Content starts

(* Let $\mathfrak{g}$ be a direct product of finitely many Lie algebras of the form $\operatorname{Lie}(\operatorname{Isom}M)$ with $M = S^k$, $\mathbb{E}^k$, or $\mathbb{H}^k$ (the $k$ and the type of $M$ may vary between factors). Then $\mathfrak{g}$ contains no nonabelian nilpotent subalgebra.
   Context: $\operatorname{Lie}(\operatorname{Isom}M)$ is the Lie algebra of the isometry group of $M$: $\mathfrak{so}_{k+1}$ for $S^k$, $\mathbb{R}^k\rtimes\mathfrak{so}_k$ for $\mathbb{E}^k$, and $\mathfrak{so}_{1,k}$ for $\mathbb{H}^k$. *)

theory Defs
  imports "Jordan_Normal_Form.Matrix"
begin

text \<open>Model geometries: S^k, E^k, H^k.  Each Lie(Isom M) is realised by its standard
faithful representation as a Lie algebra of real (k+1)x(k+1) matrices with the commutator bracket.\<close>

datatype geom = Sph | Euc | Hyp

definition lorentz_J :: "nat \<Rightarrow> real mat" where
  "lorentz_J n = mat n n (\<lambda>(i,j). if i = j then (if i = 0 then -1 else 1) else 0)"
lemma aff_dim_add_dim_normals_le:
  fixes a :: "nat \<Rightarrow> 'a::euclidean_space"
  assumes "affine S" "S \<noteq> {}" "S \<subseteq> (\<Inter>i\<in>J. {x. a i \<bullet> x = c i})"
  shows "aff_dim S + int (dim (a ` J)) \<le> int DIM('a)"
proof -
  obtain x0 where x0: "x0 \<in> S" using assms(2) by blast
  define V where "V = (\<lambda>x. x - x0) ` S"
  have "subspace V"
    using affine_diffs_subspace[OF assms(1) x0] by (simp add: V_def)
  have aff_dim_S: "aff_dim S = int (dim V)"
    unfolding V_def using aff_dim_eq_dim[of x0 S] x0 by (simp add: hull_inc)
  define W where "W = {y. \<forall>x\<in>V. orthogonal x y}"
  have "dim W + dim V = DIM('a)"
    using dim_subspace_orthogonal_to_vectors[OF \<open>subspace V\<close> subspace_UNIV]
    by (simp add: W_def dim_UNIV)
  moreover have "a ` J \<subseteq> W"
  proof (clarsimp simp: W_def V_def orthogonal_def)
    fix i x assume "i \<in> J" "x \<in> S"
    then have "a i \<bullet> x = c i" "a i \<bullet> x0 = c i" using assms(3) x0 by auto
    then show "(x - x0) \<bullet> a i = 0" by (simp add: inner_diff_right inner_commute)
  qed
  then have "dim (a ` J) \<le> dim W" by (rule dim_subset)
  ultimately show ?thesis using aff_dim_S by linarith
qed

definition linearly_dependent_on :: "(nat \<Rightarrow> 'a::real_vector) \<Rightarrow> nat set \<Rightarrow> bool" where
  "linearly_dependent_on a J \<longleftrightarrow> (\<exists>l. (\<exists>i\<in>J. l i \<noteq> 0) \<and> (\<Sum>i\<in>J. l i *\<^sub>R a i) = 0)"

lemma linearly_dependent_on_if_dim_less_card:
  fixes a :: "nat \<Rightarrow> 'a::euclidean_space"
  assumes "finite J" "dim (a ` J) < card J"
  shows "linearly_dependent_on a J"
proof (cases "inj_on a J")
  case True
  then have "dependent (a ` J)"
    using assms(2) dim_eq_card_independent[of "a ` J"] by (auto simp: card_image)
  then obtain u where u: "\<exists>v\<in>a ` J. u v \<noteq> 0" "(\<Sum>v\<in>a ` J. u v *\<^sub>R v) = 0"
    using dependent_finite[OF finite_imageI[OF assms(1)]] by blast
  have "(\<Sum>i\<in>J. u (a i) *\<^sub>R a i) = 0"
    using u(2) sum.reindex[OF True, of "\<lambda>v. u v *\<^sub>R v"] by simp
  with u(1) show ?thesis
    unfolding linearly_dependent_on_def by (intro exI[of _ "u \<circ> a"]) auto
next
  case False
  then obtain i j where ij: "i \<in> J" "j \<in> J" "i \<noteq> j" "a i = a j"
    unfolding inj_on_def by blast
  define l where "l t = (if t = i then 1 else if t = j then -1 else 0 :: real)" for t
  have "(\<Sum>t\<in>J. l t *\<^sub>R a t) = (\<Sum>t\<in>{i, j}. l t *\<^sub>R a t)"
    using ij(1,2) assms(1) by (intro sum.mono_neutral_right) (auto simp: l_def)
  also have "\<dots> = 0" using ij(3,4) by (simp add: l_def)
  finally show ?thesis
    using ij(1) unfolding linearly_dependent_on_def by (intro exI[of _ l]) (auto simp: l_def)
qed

Content ends

Exercise details: Across the listing above, tally the lines that include "noteq". Only the total is wanted.

Reply to the task: 4